*Work task*:
The lines to reproduce run from the first one below to the line containing "(ncmul (emb (k + 1) (ncmono (j", both included. Reproduce them exactly and nothing else.

*The data*:

lemma letter_emb_ncmono_commute:
  "boson_eq C d (ncmul (letter (i, k)) (emb (k + 1) (ncmono w)))
     (ncadd (ncsmult (qpow (d i * sum_list (map (C i) w)))
          (ncmul (emb (k + 1) (ncmono w)) (letter (i, k))))
        (ncsmult ((1 - qpow (2 * d i)) * qpow (d i * (sum_list (map (C i) w) - C i i)))
           (emb (k + 1) (estar C d i (ncmono w)))))"
proof (induction w)
  case Nil
  then show ?case
    by (simp add: ncmono_Nil emb_ncone estar_ncone emb_zero ncmul_one_left ncmul_one_right ncadd_def
        ncsmult_def boson_eq_refl)
next
  case (Cons j w)
  let ?F = "letter (i, k)" and ?X = "letter (j, k + 1)"
  let ?B = "emb (k + 1) (ncmono w)" and ?E = "emb (k + 1) (estar C d i (ncmono w))"
  let ?N = "sum_list (map (C i) w)" and ?\<gamma> = "1 - qpow (2 * d i)"
  let ?\<delta> = "if i = j then ?\<gamma> else 0"
  have "ncmul ?F (emb (k + 1) (ncmono (j # w))) = ncmul (ncmul ?F ?X) ?B"
    by (simp add: ncmono_Cons emb_mul emb_letter ncmul_assoc)
  also have "boson_eq C d \<dots>
      (ncmul (ncadd (ncsmult (qpow (d i * C i j)) (ncmul ?X ?F)) (ncsmult ?\<delta> ncone)) ?B)"
    using boson_eq_adjacent fin_supp_emb_ncmono by (rule boson_eq_mult_right)
  also have "\<dots> = ncadd (ncsmult (qpow (d i * C i j)) (ncmul ?X (ncmul ?F ?B))) (ncsmult ?\<delta> ?B)"
    by (simp add: ncmul_add_left ncmul_smult_left ncmul_assoc ncmul_one_left)
  also have "boson_eq C d \<dots>
      (ncadd (ncsmult (qpow (d i * C i j)) (ncmul ?X
          (ncadd (ncsmult (qpow (d i * ?N)) (ncmul ?B ?F))
             (ncsmult (?\<gamma> * qpow (d i * (?N - C i i))) ?E))))
        (ncsmult ?\<delta> ?B))"
    using Cons.IH
    by (intro boson_eq_add boson_eq_smult boson_eq_mult_left boson_eq_refl fin_supp_letter)
  also have "\<dots> = ncadd (ncsmult (qpow (d i * sum_list (map (C i) (j # w))))
          (ncmul (emb (k + 1) (ncmono (j # w))) ?F))
        (ncsmult (?\<gamma> * qpow (d i * (sum_list (map (C i) (j # w)) - C i i)))
           (emb (k + 1) (estar C d i (ncmono (j # w)))))"
  proof -
    have estar_Cons: "emb (k + 1) (estar C d i (ncmono (j # w))) =
        ncadd (ncsmult (if i = j then qpow (d i * - ?N) else 0) ?B) (ncmul ?X ?E)"
      by (simp add: estar_ncmono_Cons emb_ncadd emb_ncsmult emb_mul emb_letter)
    have Q: "qpow (d i * sum_list (map (C i) (j # w))) = qpow (d i * C i j) * qpow (d i * ?N)"
      by (simp add: distrib_left qpow_add)
    have \<gamma>: "?\<gamma> * qpow (d i * (sum_list (map (C i) (j # w)) - C i i)) =
        qpow (d i * C i j) * (?\<gamma> * qpow (d i * (?N - C i i)))"
      by (simp add: algebra_simps flip: qpow_add)
    show ?thesis
      unfolding estar_Cons Q \<gamma> kronecker_eq_qpow_product[of i j ?\<gamma> d C ?N]
      by (simp add: ncmono_Cons emb_mul emb_letter ncmul_assoc ncmul_add_right ncmul_smult_right)
        (simp add: fun_eq_iff ncadd_def ncsmult_def algebra_simps)
  qed
  finally show ?case .
qed

text \<open>
  The relation used here is f_{j,k-1} f_{i,k} = q_j^{c_ji} f_{i,k} f_{j,k-1} + \<delta>_ij (1 - q_j^2);
  symmetry of the form turns its coefficient into q_i^{c_ij}.
\<close>

lemma emb_ncmono_letter_commute:
  assumes sym: "\<And>j. d j * C j i = d i * C i j"
  shows "boson_eq C d (ncmul (emb (k - 1) (ncmono w)) (letter (i, k)))
     (ncadd (ncsmult (qpow (d i * sum_list (map (C i) w)))
          (ncmul (letter (i, k)) (emb (k - 1) (ncmono w))))
        (ncsmult ((1 - qpow (2 * d i)) * qpow (d i * (sum_list (map (C i) w) - C i i)))
           (emb (k - 1) (eprime C d i (ncmono w)))))"
proof (induction w rule: rev_induct)
  case Nil
  then show ?case
    by (simp add: ncmono_Nil emb_ncone eprime_ncone emb_zero ncmul_one_left ncmul_one_right ncadd_def
        ncsmult_def boson_eq_refl)
next
  case (snoc j w)
  let ?F = "letter (i, k)" and ?X = "letter (j, k - 1)"
  let ?B = "emb (k - 1) (ncmono w)" and ?E = "emb (k - 1) (eprime C d i (ncmono w))"
  let ?N = "sum_list (map (C i) w)" and ?\<gamma> = "1 - qpow (2 * d i)"
  let ?\<delta> = "if i = j then ?\<gamma> else 0"
  have adj: "boson_eq C d (ncmul ?X ?F)
      (ncadd (ncsmult (qpow (d i * C i j)) (ncmul ?F ?X)) (ncsmult ?\<delta> ncone))"
    using boson_eq_adjacent[of C d j "k - 1" i] sym[of j] by (cases "i = j") simp_all
  have "ncmul (emb (k - 1) (ncmono (w @ [j]))) ?F = ncmul ?B (ncmul ?X ?F)"
    by (simp add: ncmono_snoc emb_mul emb_letter ncmul_assoc)
  also have "boson_eq C d \<dots>
      (ncmul ?B (ncadd (ncsmult (qpow (d i * C i j)) (ncmul ?F ?X)) (ncsmult ?\<delta> ncone)))"
    using fin_supp_emb_ncmono adj by (rule boson_eq_mult_left)
  also have "\<dots> = ncadd (ncsmult (qpow (d i * C i j)) (ncmul (ncmul ?B ?F) ?X)) (ncsmult ?\<delta> ?B)"
    by (simp add: ncmul_add_right ncmul_smult_right ncmul_assoc ncmul_one_right)
  also have "boson_eq C d \<dots>
      (ncadd (ncsmult (qpow (d i * C i j))
          (ncmul (ncadd (ncsmult (qpow (d i * ?N)) (ncmul ?F ?B))
             (ncsmult (?\<gamma> * qpow (d i * (?N - C i i))) ?E))
             ?X))
        (ncsmult ?\<delta> ?B))"
    using snoc.IH
    by (intro boson_eq_add boson_eq_smult boson_eq_mult_right boson_eq_refl fin_supp_letter)
  also have "\<dots> = ncadd (ncsmult (qpow (d i * sum_list (map (C i) (w @ [j]))))
          (ncmul ?F (emb (k - 1) (ncmono (w @ [j])))))
        (ncsmult (?\<gamma> * qpow (d i * (sum_list (map (C i) (w @ [j])) - C i i)))
           (emb (k - 1) (eprime C d i (ncmono (w @ [j])))))"
  proof -
    have eprime_snoc: "emb (k - 1) (eprime C d i (ncmono (w @ [j]))) =
        ncadd (ncsmult (if i = j then qpow (d i * - ?N) else 0) ?B) (ncmul ?E ?X)"
      by (simp add: eprime_ncmono_snoc emb_ncadd emb_ncsmult emb_mul emb_letter)
    have Q: "qpow (d i * sum_list (map (C i) (w @ [j]))) = qpow (d i * C i j) * qpow (d i * ?N)"
      by (simp add: algebra_simps flip: qpow_add)
    have \<gamma>: "?\<gamma> * qpow (d i * (sum_list (map (C i) (w @ [j])) - C i i)) =
        qpow (d i * C i j) * (?\<gamma> * qpow (d i * (?N - C i i)))"
      by (simp add: algebra_simps flip: qpow_add)
    show ?thesis
      unfolding eprime_snoc Q \<gamma> kronecker_eq_qpow_product[of i j ?\<gamma> d C ?N]
      by (simp add: ncmono_snoc emb_mul emb_letter ncmul_assoc ncmul_add_left ncmul_smult_left)
        (simp add: fun_eq_iff ncadd_def ncsmult_def algebra_simps)
  qed
  finally show ?case .
qed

*Result*:
lemma letter_emb_ncmono_commute:
  "boson_eq C d (ncmul (letter (i, k)) (emb (k + 1) (ncmono w)))
     (ncadd (ncsmult (qpow (d i * sum_list (map (C i) w)))
          (ncmul (emb (k + 1) (ncmono w)) (letter (i, k))))
        (ncsmult ((1 - qpow (2 * d i)) * qpow (d i * (sum_list (map (C i) w) - C i i)))
           (emb (k + 1) (estar C d i (ncmono w)))))"
proof (induction w)
  case Nil
  then show ?case
    by (simp add: ncmono_Nil emb_ncone estar_ncone emb_zero ncmul_one_left ncmul_one_right ncadd_def
        ncsmult_def boson_eq_refl)
next
  case (Cons j w)
  let ?F = "letter (i, k)" and ?X = "letter (j, k + 1)"
  let ?B = "emb (k + 1) (ncmono w)" and ?E = "emb (k + 1) (estar C d i (ncmono w))"
  let ?N = "sum_list (map (C i) w)" and ?\<gamma> = "1 - qpow (2 * d i)"
  let ?\<delta> = "if i = j then ?\<gamma> else 0"
  have "ncmul ?F (emb (k + 1) (ncmono (j # w))) = ncmul (ncmul ?F ?X) ?B"
    by (simp add: ncmono_Cons emb_mul emb_letter ncmul_assoc)
  also have "boson_eq C d \<dots>
      (ncmul (ncadd (ncsmult (qpow (d i * C i j)) (ncmul ?X ?F)) (ncsmult ?\<delta> ncone)) ?B)"
    using boson_eq_adjacent fin_supp_emb_ncmono by (rule boson_eq_mult_right)
  also have "\<dots> = ncadd (ncsmult (qpow (d i * C i j)) (ncmul ?X (ncmul ?F ?B))) (ncsmult ?\<delta> ?B)"
    by (simp add: ncmul_add_left ncmul_smult_left ncmul_assoc ncmul_one_left)
  also have "boson_eq C d \<dots>
      (ncadd (ncsmult (qpow (d i * C i j)) (ncmul ?X
          (ncadd (ncsmult (qpow (d i * ?N)) (ncmul ?B ?F))
             (ncsmult (?\<gamma> * qpow (d i * (?N - C i i))) ?E))))
        (ncsmult ?\<delta> ?B))"
    using Cons.IH
    by (intro boson_eq_add boson_eq_smult boson_eq_mult_left boson_eq_refl fin_supp_letter)
  also have "\<dots> = ncadd (ncsmult (qpow (d i * sum_list (map (C i) (j # w))))
          (ncmul (emb (k + 1) (ncmono (j # w))) ?F))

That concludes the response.